- [Required work]
Lift out, unaltered, the lines of the material below between the line holding "(1 + r^2 * inverse" and the line holding "r n y0 y1 0", counting both.

%%

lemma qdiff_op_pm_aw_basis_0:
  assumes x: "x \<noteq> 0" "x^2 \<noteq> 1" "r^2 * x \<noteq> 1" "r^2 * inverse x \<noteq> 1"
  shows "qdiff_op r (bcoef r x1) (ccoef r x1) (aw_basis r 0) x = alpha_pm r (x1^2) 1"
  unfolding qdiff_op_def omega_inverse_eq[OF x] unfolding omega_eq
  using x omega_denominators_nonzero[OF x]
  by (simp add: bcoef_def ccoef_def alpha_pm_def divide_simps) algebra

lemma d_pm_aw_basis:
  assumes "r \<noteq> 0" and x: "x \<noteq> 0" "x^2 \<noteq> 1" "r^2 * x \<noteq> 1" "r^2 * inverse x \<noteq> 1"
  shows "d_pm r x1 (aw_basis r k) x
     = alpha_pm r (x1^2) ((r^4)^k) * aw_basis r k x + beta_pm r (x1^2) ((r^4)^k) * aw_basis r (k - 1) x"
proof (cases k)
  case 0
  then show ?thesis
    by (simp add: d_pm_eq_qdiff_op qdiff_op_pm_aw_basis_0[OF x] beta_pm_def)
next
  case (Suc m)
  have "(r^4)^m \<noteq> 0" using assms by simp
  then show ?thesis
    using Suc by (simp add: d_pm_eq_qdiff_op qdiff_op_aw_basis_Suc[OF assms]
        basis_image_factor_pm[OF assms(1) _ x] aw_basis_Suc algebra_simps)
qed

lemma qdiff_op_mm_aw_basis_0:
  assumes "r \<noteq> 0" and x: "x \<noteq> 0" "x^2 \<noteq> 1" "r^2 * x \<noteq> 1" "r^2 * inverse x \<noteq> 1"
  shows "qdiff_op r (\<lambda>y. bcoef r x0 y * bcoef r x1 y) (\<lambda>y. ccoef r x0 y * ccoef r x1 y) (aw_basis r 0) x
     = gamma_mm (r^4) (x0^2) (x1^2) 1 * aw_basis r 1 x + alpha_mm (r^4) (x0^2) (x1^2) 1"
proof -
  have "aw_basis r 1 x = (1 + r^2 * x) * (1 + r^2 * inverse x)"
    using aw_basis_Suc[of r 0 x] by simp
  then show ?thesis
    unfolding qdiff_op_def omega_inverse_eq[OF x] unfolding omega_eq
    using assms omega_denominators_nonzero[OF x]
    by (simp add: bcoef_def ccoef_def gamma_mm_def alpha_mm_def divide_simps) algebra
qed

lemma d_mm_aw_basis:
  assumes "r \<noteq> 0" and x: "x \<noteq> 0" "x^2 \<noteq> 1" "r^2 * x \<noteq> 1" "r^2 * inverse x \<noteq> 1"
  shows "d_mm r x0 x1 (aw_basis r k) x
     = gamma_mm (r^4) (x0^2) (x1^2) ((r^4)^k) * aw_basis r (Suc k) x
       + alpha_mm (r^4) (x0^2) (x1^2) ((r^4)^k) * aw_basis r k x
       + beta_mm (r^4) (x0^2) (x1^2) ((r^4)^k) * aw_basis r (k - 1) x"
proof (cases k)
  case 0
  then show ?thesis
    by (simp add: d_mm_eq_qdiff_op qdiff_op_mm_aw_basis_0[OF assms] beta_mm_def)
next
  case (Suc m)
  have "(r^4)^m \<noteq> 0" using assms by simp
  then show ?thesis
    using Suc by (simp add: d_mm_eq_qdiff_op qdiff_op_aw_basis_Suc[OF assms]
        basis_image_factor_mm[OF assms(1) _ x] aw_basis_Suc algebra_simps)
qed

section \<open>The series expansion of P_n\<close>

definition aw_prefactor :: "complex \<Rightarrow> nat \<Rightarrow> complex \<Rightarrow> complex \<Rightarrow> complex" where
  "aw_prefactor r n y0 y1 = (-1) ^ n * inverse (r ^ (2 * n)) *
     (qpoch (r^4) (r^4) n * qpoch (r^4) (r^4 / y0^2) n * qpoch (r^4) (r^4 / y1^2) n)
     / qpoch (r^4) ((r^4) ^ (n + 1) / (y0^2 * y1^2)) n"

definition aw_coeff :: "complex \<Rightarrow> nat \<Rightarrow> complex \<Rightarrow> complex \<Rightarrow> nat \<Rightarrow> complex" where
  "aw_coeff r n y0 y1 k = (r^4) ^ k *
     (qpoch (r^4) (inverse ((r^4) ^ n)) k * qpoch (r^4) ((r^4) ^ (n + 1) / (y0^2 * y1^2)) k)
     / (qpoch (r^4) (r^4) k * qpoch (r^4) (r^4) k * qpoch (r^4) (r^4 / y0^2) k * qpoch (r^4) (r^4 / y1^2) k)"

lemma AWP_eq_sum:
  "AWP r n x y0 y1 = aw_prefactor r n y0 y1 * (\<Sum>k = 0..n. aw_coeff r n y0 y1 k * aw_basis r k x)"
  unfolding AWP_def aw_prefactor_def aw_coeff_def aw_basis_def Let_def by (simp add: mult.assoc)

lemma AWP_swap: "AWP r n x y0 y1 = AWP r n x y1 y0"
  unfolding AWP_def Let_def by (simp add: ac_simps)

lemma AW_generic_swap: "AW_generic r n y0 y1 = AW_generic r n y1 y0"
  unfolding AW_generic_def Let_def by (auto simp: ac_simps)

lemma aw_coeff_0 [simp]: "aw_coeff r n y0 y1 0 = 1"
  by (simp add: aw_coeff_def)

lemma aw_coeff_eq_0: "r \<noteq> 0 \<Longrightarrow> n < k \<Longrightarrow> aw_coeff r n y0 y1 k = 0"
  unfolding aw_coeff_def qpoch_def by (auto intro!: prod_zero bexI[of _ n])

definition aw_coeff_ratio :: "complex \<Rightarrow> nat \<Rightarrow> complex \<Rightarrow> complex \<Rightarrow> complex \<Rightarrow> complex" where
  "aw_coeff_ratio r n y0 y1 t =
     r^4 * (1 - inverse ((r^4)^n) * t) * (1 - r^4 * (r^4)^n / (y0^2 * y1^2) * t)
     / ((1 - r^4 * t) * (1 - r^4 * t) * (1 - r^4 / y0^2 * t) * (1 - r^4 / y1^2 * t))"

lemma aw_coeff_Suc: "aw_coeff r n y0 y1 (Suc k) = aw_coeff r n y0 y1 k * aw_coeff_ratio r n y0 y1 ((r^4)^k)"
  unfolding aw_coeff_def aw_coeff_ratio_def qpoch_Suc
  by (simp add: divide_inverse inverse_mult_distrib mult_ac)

%%

- [Reply]
  have "aw_basis r 1 x = (1 + r^2 * x) * (1 + r^2 * inverse x)"
    using aw_basis_Suc[of r 0 x] by simp
  then show ?thesis
    unfolding qdiff_op_def omega_inverse_eq[OF x] unfolding omega_eq
    using assms omega_denominators_nonzero[OF x]
    by (simp add: bcoef_def ccoef_def gamma_mm_def alpha_mm_def divide_simps) algebra
qed

lemma d_mm_aw_basis:
  assumes "r \<noteq> 0" and x: "x \<noteq> 0" "x^2 \<noteq> 1" "r^2 * x \<noteq> 1" "r^2 * inverse x \<noteq> 1"
  shows "d_mm r x0 x1 (aw_basis r k) x
     = gamma_mm (r^4) (x0^2) (x1^2) ((r^4)^k) * aw_basis r (Suc k) x
       + alpha_mm (r^4) (x0^2) (x1^2) ((r^4)^k) * aw_basis r k x
       + beta_mm (r^4) (x0^2) (x1^2) ((r^4)^k) * aw_basis r (k - 1) x"
proof (cases k)
  case 0
  then show ?thesis
    by (simp add: d_mm_eq_qdiff_op qdiff_op_mm_aw_basis_0[OF assms] beta_mm_def)
next
  case (Suc m)
  have "(r^4)^m \<noteq> 0" using assms by simp
  then show ?thesis
    using Suc by (simp add: d_mm_eq_qdiff_op qdiff_op_aw_basis_Suc[OF assms]
        basis_image_factor_mm[OF assms(1) _ x] aw_basis_Suc algebra_simps)
qed

section \<open>The series expansion of P_n\<close>

definition aw_prefactor :: "complex \<Rightarrow> nat \<Rightarrow> complex \<Rightarrow> complex \<Rightarrow> complex" where
  "aw_prefactor r n y0 y1 = (-1) ^ n * inverse (r ^ (2 * n)) *
     (qpoch (r^4) (r^4) n * qpoch (r^4) (r^4 / y0^2) n * qpoch (r^4) (r^4 / y1^2) n)
     / qpoch (r^4) ((r^4) ^ (n + 1) / (y0^2 * y1^2)) n"

definition aw_coeff :: "complex \<Rightarrow> nat \<Rightarrow> complex \<Rightarrow> complex \<Rightarrow> nat \<Rightarrow> complex" where
  "aw_coeff r n y0 y1 k = (r^4) ^ k *
     (qpoch (r^4) (inverse ((r^4) ^ n)) k * qpoch (r^4) ((r^4) ^ (n + 1) / (y0^2 * y1^2)) k)
     / (qpoch (r^4) (r^4) k * qpoch (r^4) (r^4) k * qpoch (r^4) (r^4 / y0^2) k * qpoch (r^4) (r^4 / y1^2) k)"

lemma AWP_eq_sum:
  "AWP r n x y0 y1 = aw_prefactor r n y0 y1 * (\<Sum>k = 0..n. aw_coeff r n y0 y1 k * aw_basis r k x)"
  unfolding AWP_def aw_prefactor_def aw_coeff_def aw_basis_def Let_def by (simp add: mult.assoc)

lemma AWP_swap: "AWP r n x y0 y1 = AWP r n x y1 y0"
  unfolding AWP_def Let_def by (simp add: ac_simps)

lemma AW_generic_swap: "AW_generic r n y0 y1 = AW_generic r n y1 y0"
  unfolding AW_generic_def Let_def by (auto simp: ac_simps)

lemma aw_coeff_0 [simp]: "aw_coeff r n y0 y1 0 = 1"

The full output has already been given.